» Requirement: Pull every "vertices" line out of the data below.

[Collected data]

(* Let $n\ge 2$, let $a_1,\dots,a_n$ be positive integers, let $b\ge 0$ be an integer, and let $M$ be the least common multiple of $a_1,\dots,a_n$. Let $b'=\lfloor b/M\rfloor$ and let $r$ be the remainder of $b$ modulo $M$ (so $0\le r<M$ and $b=b'M+r$). For an integer $c$, let $P'(c)$ denote the number of $n$-tuples $(t_1,\dots,t_n)$ of integers satisfying $$\sum_{j=1}^n a_jt_j=c,\qquad 0\le t_j\le \frac{M}{a_j}-1\quad (j=1,\dots,n),$$ and set $l_i=P'(r+(i-1)M)$ for $i=1,\dots,n$. Let $P(b)$ be the number of $n$-tuples $(x_1,\dots,x_n)$ of non-negative integers with $\sum_{i=1}^n a_ix_i=b$. Then $$P(b)=\sum_{i=1}^n l_i\, C(b'+2-i;\,n-1).$$
   Context: For a real number $k$ and a non-negative integer $l$, define $C(k;l)=\frac{1}{l!}\,k(k+1)\cdots(k+l-1)$ if $k$ is a positive integer (natural number), and $C(k;l)=0$ otherwise (in particular $C(k;l)=0$ whenever $k$ is not an integer or $k\le 0$). *)

theory Defs
  imports Complex_Main "HOL-Library.FuncSet"
begin

definition Ccoef :: "real \<Rightarrow> nat \<Rightarrow> real" where
  "Ccoef k l = (if k \<in> \<int> \<and> k > 0 then pochhammer k l / fact l else 0)"

definition Pprime :: "nat \<Rightarrow> (nat \<Rightarrow> nat) \<Rightarrow> int \<Rightarrow> nat" where
  "Pprime n a c = card {t \<in> {..<n} \<rightarrow>\<^sub>E (UNIV :: int set).
      (\<Sum>j<n. int (a j) * t j) = c \<and>
      (\<forall>j<n. 0 \<le> t j \<and> t j \<le> int (Lcm (a ` {..<n}) div a j) - 1)}"

definition Pcount :: "nat \<Rightarrow> (nat \<Rightarrow> nat) \<Rightarrow> nat \<Rightarrow> nat" where
  "Pcount n a b = card {x \<in> {..<n} \<rightarrow>\<^sub>E (UNIV :: nat set). (\<Sum>i<n. a i * x i) = b}"

end

theory Submission
  imports Defs
begin
(* Let $G$ be a graph and $Y$ a minimal blocking set of $G$. Then: (i) $Y$ contains no vertex that belongs to every minimum vertex cover of $G$; (ii) if $Y$ contains a vertex that belongs to no minimum vertex cover of $G$, then $|Y|=1$; (iii) $Y$ is contained in a single connected component of $G$; (iv) $\mathrm{OPT}(G-Y)+|Y|=\mathrm{OPT}(G)+1$.
   Context: $\mathrm{OPT}(G)$ is the minimum vertex cover size; a minimum vertex cover is one of size $\mathrm{OPT}(G)$. $Y\subseteq V(G)$ is a blocking set of $G$ if no minimum vertex cover of $G$ contains $Y$; it is minimal if no proper subset of $Y$ is a blocking set. *)

theory Defs
  imports Main
begin

definition graph :: "'a set \<Rightarrow> 'a set set \<Rightarrow> bool" where
  "graph V E \<longleftrightarrow> finite V \<and> (\<forall>e\<in>E. \<exists>u v. e = {u, v} \<and> u \<noteq> v \<and> u \<in> V \<and> v \<in> V)"

definition vertex_cover :: "'a set \<Rightarrow> 'a set set \<Rightarrow> 'a set \<Rightarrow> bool" where
  "vertex_cover V E C \<longleftrightarrow> C \<subseteq> V \<and> (\<forall>e\<in>E. e \<inter> C \<noteq> {})"

definition OPT :: "'a set \<Rightarrow> 'a set set \<Rightarrow> nat" where
  "OPT V E = Min (card ` {C. vertex_cover V E C})"

definition min_vertex_cover :: "'a set \<Rightarrow> 'a set set \<Rightarrow> 'a set \<Rightarrow> bool" where
  "min_vertex_cover V E C \<longleftrightarrow> vertex_cover V E C \<and> card C = OPT V E"

definition blocking_set :: "'a set \<Rightarrow> 'a set set \<Rightarrow> 'a set \<Rightarrow> bool" where
  "blocking_set V E Y \<longleftrightarrow> Y \<subseteq> V \<and> \<not> (\<exists>C. min_vertex_cover V E C \<and> Y \<subseteq> C)"

definition minimal_blocking_set :: "'a set \<Rightarrow> 'a set set \<Rightarrow> 'a set \<Rightarrow> bool" where
  "minimal_blocking_set V E Y \<longleftrightarrow> blocking_set V E Y \<and> (\<forall>Y'. Y' \<subset> Y \<longrightarrow> \<not> blocking_set V E Y')"

text \<open>Edge set of G - Y (vertex set is V - Y).\<close>
definition del_edges :: "'a set set \<Rightarrow> 'a set \<Rightarrow> 'a set set" where
  "del_edges E Y = {e \<in> E. e \<inter> Y = {}}"

definition connected_in :: "'a set set \<Rightarrow> 'a \<Rightarrow> 'a \<Rightarrow> bool" where
  "connected_in E u v \<longleftrightarrow> (\<lambda>x y. {x, y} \<in> E)\<^sup>*\<^sup>* u v"

end

theory Submission
  imports Defs
begin

text \<open>
  Minimality means that every proper subset of \<open>Y\<close> lies in some minimum vertex cover.
  Parts (i) and (ii) are immediate from this. For (iii), if \<open>Y\<close> met two components, take
  minimum covers containing the part of \<open>Y\<close> inside the component \<open>K\<close> of one of its
  vertices and the part outside \<open>K\<close>; since no edge crosses \<open>K\<close>, gluing the first cover
  on \<open>K\<close> with the second off \<open>K\<close> gives a cover, and the complementary gluing shows that
  it is again minimum, yet it contains \<open>Y\<close>. For (iv), a minimum cover of \<open>G - Y\<close>
  together with \<open>Y\<close> covers \<open>G\<close> but cannot be minimum, giving \<open>\<ge>\<close>; conversely a
  minimum cover containing \<open>Y - {y}\<close> (but not \<open>y\<close>) loses exactly \<open>|Y| - 1\<close>
  vertices when \<open>Y\<close> is deleted, giving \<open>\<le>\<close>.
\<close>

lemma graph_del_edges:
  assumes "graph V E"
  shows "graph (V - Y) (del_edges E Y)"
  unfolding graph_def
proof (intro conjI ballI)
  show "finite (V - Y)" using assms by (simp add: graph_def)
  fix e assume "e \<in> del_edges E Y"
  then have "e \<in> E" and eY: "e \<inter> Y = {}" by (simp_all add: del_edges_def)
  then obtain u v where uv: "e = {u, v}" "u \<noteq> v" "u \<in> V" "v \<in> V"
    using assms unfolding graph_def by blast
  then have "u \<in> V - Y" "v \<in> V - Y" using eY by auto
  with uv show "\<exists>u v. e = {u, v} \<and> u \<noteq> v \<and> u \<in> V - Y \<and> v \<in> V - Y"
    by blast
qed

lemma OPT_le_card:
  assumes "finite V" and "vertex_cover V E C"
  shows "OPT V E \<le> card C"
proof -
  have "finite (card ` {C. vertex_cover V E C})"
    by (rule finite_subset[of _ "card ` Pow V"]) (auto simp: vertex_cover_def assms(1))
  then show ?thesis
    unfolding OPT_def using assms(2) by (simp add: Min_le)
qed

lemma min_vertex_cover_exists:
  assumes "graph V E"
  obtains C where "min_vertex_cover V E C"
proof -
  have finV: "finite V" using assms by (simp add: graph_def)
  have "vertex_cover V E V"
    using assms unfolding graph_def vertex_cover_def by blast
  then have ne: "card ` {C. vertex_cover V E C} \<noteq> {}" by blast
  have "finite (card ` {C. vertex_cover V E C})"
    by (rule finite_subset[of _ "card ` Pow V"]) (auto simp: vertex_cover_def finV)
  then have "OPT V E \<in> card ` {C. vertex_cover V E C}"
    unfolding OPT_def using ne by (rule Min_in)
  then obtain C where "vertex_cover V E C" and "card C = OPT V E"
    by auto
  then have "min_vertex_cover V E C"
    by (simp add: min_vertex_cover_def)
  then show ?thesis
    by (rule that)
qed

lemma min_vertex_cover_finite:
  assumes "finite V" and "min_vertex_cover V E C"
  shows "finite C"
  using assms finite_subset unfolding min_vertex_cover_def vertex_cover_def by blast

lemma vertex_cover_del_edges:
  assumes "vertex_cover V E C"
  shows "vertex_cover (V - Y) (del_edges E Y) (C - Y)"
  using assms unfolding vertex_cover_def del_edges_def by blast

lemma vertex_cover_Un_del_edges:
  assumes "Y \<subseteq> V" and "vertex_cover (V - Y) (del_edges E Y) C"
  shows "vertex_cover V E (C \<union> Y)"
  using assms unfolding vertex_cover_def del_edges_def by blast

definition edge_closed :: "'a set set \<Rightarrow> 'a set \<Rightarrow> bool" where
  "edge_closed E K \<longleftrightarrow> (\<forall>e\<in>E. e \<subseteq> K \<or> e \<inter> K = {})"

lemma edge_closed_component:
  assumes "graph V E"
  shows "edge_closed E {v. connected_in E x v}"
  unfolding edge_closed_def
proof
  fix e assume e: "e \<in> E"
  then obtain u v where uv: "e = {u, v}"
    using assms unfolding graph_def by blast
  have "{v, u} \<in> E" using e uv by (simp add: insert_commute)
  then have "connected_in E x u \<longleftrightarrow> connected_in E x v"
    using e uv unfolding connected_in_def by (auto intro: rtranclp.rtrancl_into_rtrancl)
  then show "e \<subseteq> {v. connected_in E x v} \<or> e \<inter> {v. connected_in E x v} = {}"
    using uv by auto
qed

lemma vertex_cover_glue:
  assumes "edge_closed E K" and "vertex_cover V E C1" and "vertex_cover V E C2"
  shows "vertex_cover V E (C1 \<inter> K \<union> (C2 - K))"
  unfolding vertex_cover_def
proof (intro conjI ballI)
  show "C1 \<inter> K \<union> (C2 - K) \<subseteq> V"
    using assms by (auto simp: vertex_cover_def)
  fix e assume "e \<in> E"
  then have "e \<inter> C1 \<noteq> {}" "e \<inter> C2 \<noteq> {}" "e \<subseteq> K \<or> e \<inter> K = {}"
    using assms by (auto simp: vertex_cover_def edge_closed_def)
  then show "e \<inter> (C1 \<inter> K \<union> (C2 - K)) \<noteq> {}"
    by blast
qed

lemma min_vertex_cover_glue:
  assumes "finite V" and "edge_closed E K"
    and C1: "min_vertex_cover V E C1" and C2: "min_vertex_cover V E C2"
  shows "min_vertex_cover V E (C1 \<inter> K \<union> (C2 - K))"
proof -
  have fin: "finite C1" "finite C2"
    using assms min_vertex_cover_finite by blast+
  have vc: "vertex_cover V E C1" "vertex_cover V E C2"
    and card: "card C1 = OPT V E" "card C2 = OPT V E"
    using C1 C2 by (auto simp: min_vertex_cover_def)
  have split: "card C = card (C \<inter> K) + card (C - K)" if "finite C" for C :: "'a set"
    using that by (metis card_Un_disjoint Int_Diff_Un Int_Diff_disjoint finite_Diff finite_Int)
  have glue: "card (A \<inter> K \<union> (B - K)) = card (A \<inter> K) + card (B - K)"
    if "finite A" "finite B" for A B :: "'a set"
    using that by (intro card_Un_disjoint) auto
  \<comment> \<open>Both gluings are covers, and their sizes add up to \<open>2 OPT\<close>.\<close>
  have "OPT V E \<le> card (C1 \<inter> K \<union> (C2 - K))" "OPT V E \<le> card (C2 \<inter> K \<union> (C1 - K))"
    using OPT_le_card[OF \<open>finite V\<close>] vertex_cover_glue[OF \<open>edge_closed E K\<close>] vc by blast+
  then have "card (C1 \<inter> K \<union> (C2 - K)) = OPT V E"
    using split[OF fin(1)] split[OF fin(2)] glue[OF fin] glue[OF fin(2,1)] card by linarith
  then show ?thesis
    using vertex_cover_glue[OF \<open>edge_closed E K\<close> vc] by (simp add: min_vertex_cover_def)
qed

lemma minimal_blocking_set_subset_cover:
  assumes "minimal_blocking_set V E Y" and "Y' \<subset> Y"
  shows "\<exists>C. min_vertex_cover V E C \<and> Y' \<subseteq> C"
  using assms unfolding minimal_blocking_set_def blocking_set_def by blast

lemma minimal_blocking_set_not_subset_cover:
  assumes "minimal_blocking_set V E Y" and "min_vertex_cover V E C"
  shows "\<not> Y \<subseteq> C"
  using assms unfolding minimal_blocking_set_def blocking_set_def by blast

lemma minimal_blocking_set_nonempty:
  assumes "graph V E" and "minimal_blocking_set V E Y"
  shows "Y \<noteq> {}"
  using min_vertex_cover_exists[OF assms(1)] minimal_blocking_set_not_subset_cover[OF assms(2)] by blast

lemma minimal_blocking_set_avoids_cover_vertex:
  assumes "minimal_blocking_set V E Y" and "y \<in> Y"
  obtains C where "min_vertex_cover V E C" and "Y - {y} \<subseteq> C" and "y \<notin> C"
proof -
  have "Y - {y} \<subset> Y" using assms(2) by blast
  then obtain C where "min_vertex_cover V E C" "Y - {y} \<subseteq> C"
    using minimal_blocking_set_subset_cover[OF assms(1)] by blast
  then show ?thesis
    using that minimal_blocking_set_not_subset_cover[OF assms(1)] by blast
qed

lemma minimal_blocking_set_no_forced_vertex:
  assumes "minimal_blocking_set V E Y" and "y \<in> Y"
  shows "\<not> (\<forall>C. min_vertex_cover V E C \<longrightarrow> y \<in> C)"
proof
  assume forced: "\<forall>C. min_vertex_cover V E C \<longrightarrow> y \<in> C"
  obtain C where "min_vertex_cover V E C" "Y - {y} \<subseteq> C" "y \<notin> C"
    by (rule minimal_blocking_set_avoids_cover_vertex[OF assms])
  with forced show False by blast
qed

lemma minimal_blocking_set_singleton:
  assumes "minimal_blocking_set V E Y" and "y \<in> Y"
    and "\<forall>C. min_vertex_cover V E C \<longrightarrow> y \<notin> C"
  shows "Y = {y}"
proof (rule ccontr)
  assume "Y \<noteq> {y}"
  then have "{y} \<subset> Y" using assms(2) by auto
  then show False
    using minimal_blocking_set_subset_cover[OF assms(1)] assms(3) by blast
qed

lemma minimal_blocking_set_within_closed:
  assumes "finite V" and "minimal_blocking_set V E Y"
    and "edge_closed E K" and "Y \<inter> K \<noteq> {}"
  shows "Y \<subseteq> K"
proof (rule ccontr)
  assume "\<not> Y \<subseteq> K"
  then have "Y \<inter> K \<subset> Y" and "Y - K \<subset> Y"
    using assms(4) by blast+
  then obtain C1 C2 where C1: "min_vertex_cover V E C1" "Y \<inter> K \<subseteq> C1"
    and C2: "min_vertex_cover V E C2" "Y - K \<subseteq> C2"
    using minimal_blocking_set_subset_cover[OF assms(2)] by meson
  have "min_vertex_cover V E (C1 \<inter> K \<union> (C2 - K))"
    using min_vertex_cover_glue[OF assms(1,3) C1(1) C2(1)] .
  moreover have "Y \<subseteq> C1 \<inter> K \<union> (C2 - K)"
    using C1(2) C2(2) by blast
  ultimately show False
    using minimal_blocking_set_not_subset_cover[OF assms(2)] by blast
qed

lemma OPT_del_blocking_set_ge:
  assumes "graph V E" and "blocking_set V E Y"
  shows "OPT V E + 1 \<le> OPT (V - Y) (del_edges E Y) + card Y"
proof -
  have finV: "finite V" using assms(1) by (simp add: graph_def)
  have YV: "Y \<subseteq> V" using assms(2) by (simp add: blocking_set_def)
  obtain C where C: "min_vertex_cover (V - Y) (del_edges E Y) C"
    using min_vertex_cover_exists[OF graph_del_edges[OF assms(1)]] .
  then have vc: "vertex_cover (V - Y) (del_edges E Y) C"
    and cardC: "card C = OPT (V - Y) (del_edges E Y)"
    by (auto simp: min_vertex_cover_def)
  have cover: "vertex_cover V E (C \<union> Y)"
    using vertex_cover_Un_del_edges[OF YV vc] .
  then have "card (C \<union> Y) \<noteq> OPT V E"
    using assms(2) by (auto simp: blocking_set_def min_vertex_cover_def)
  moreover have "OPT V E \<le> card (C \<union> Y)"
    using OPT_le_card[OF finV cover] .
  moreover have "card (C \<union> Y) = card C + card Y"
    using vc finV YV finite_subset by (intro card_Un_disjoint) (auto simp: vertex_cover_def)
  ultimately show ?thesis
    using cardC by linarith
qed

lemma OPT_del_minimal_blocking_set_le:
  assumes "graph V E" and "minimal_blocking_set V E Y"
  shows "OPT (V - Y) (del_edges E Y) + card Y \<le> OPT V E + 1"
proof -
  have finV: "finite V" using assms(1) by (simp add: graph_def)
  obtain y where y: "y \<in> Y"
    using minimal_blocking_set_nonempty[OF assms] by blast
  obtain C where C: "min_vertex_cover V E C" "Y - {y} \<subseteq> C" "y \<notin> C"
    using minimal_blocking_set_avoids_cover_vertex[OF assms(2) y] .
  have finC: "finite C" using min_vertex_cover_finite[OF finV C(1)] .
  have "finite Y"
    using assms(2) finV finite_subset by (auto simp: minimal_blocking_set_def blocking_set_def)
  then have "card Y = card (Y - {y}) + 1"
    using card.remove[OF _ y] by simp
  moreover have "C - Y = C - (Y - {y})"
    using C(3) by blast
  then have "card (C - Y) + card (Y - {y}) = card C"
    using card_Diff_subset[OF finite_subset[OF C(2) finC] C(2)] card_mono[OF finC C(2)] by simp
  moreover have "vertex_cover V E C"
    using C(1) by (simp add: min_vertex_cover_def)
  then have "vertex_cover (V - Y) (del_edges E Y) (C - Y)"
    by (rule vertex_cover_del_edges)
  then have "OPT (V - Y) (del_edges E Y) \<le> card (C - Y)"
    using finV by (simp add: OPT_le_card)
  ultimately show ?thesis
    using C(1) by (simp add: min_vertex_cover_def)
qed

theorem mainTheorem11:
  fixes V :: "'a set" and E :: "'a set set" and Y :: "'a set"
  assumes "graph V E"
    and "minimal_blocking_set V E Y"
  shows "(\<forall>v\<in>Y. \<not> (\<forall>C. min_vertex_cover V E C \<longrightarrow> v \<in> C))
    \<and> ((\<exists>v\<in>Y. \<forall>C. min_vertex_cover V E C \<longrightarrow> v \<notin> C) \<longrightarrow> card Y = 1)
    \<and> (\<exists>x\<in>V. \<forall>y\<in>Y. connected_in E x y)
    \<and> OPT (V - Y) (del_edges E Y) + card Y = OPT V E + 1"
proof (intro conjI ballI impI)
  show "\<not> (\<forall>C. min_vertex_cover V E C \<longrightarrow> v \<in> C)" if "v \<in> Y" for v
    using minimal_blocking_set_no_forced_vertex[OF assms(2) that] .
  show "card Y = 1" if "\<exists>v\<in>Y. \<forall>C. min_vertex_cover V E C \<longrightarrow> v \<notin> C"
  proof -
    from that obtain v where "v \<in> Y" "\<forall>C. min_vertex_cover V E C \<longrightarrow> v \<notin> C" ..
    then have "Y = {v}" by (rule minimal_blocking_set_singleton[OF assms(2)])
    then show ?thesis by simp
  qed
  have finV: "finite V" and YV: "Y \<subseteq> V"
    using assms by (auto simp: graph_def minimal_blocking_set_def blocking_set_def)
  obtain x where x: "x \<in> Y"
    using minimal_blocking_set_nonempty[OF assms] by blast
  have "x \<in> {v. connected_in E x v}" by (simp add: connected_in_def)
  then have "Y \<subseteq> {v. connected_in E x v}"
    using minimal_blocking_set_within_closed[OF finV assms(2) edge_closed_component[OF assms(1)]] x
    by blast
  then show "\<exists>x\<in>V. \<forall>y\<in>Y. connected_in E x y"
    using x YV by blast
  show "OPT (V - Y) (del_edges E Y) + card Y = OPT V E + 1"
    using OPT_del_blocking_set_ge[OF assms(1)] OPT_del_minimal_blocking_set_le[OF assms] assms(2)
    unfolding minimal_blocking_set_def by (intro antisym) auto
qed

end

» Worked solution:
  vertices and the part outside \<open>K\<close>; since no edge crosses \<open>K\<close>, gluing the first cover
  vertices when \<open>Y\<close> is deleted, giving \<open>\<le>\<close>.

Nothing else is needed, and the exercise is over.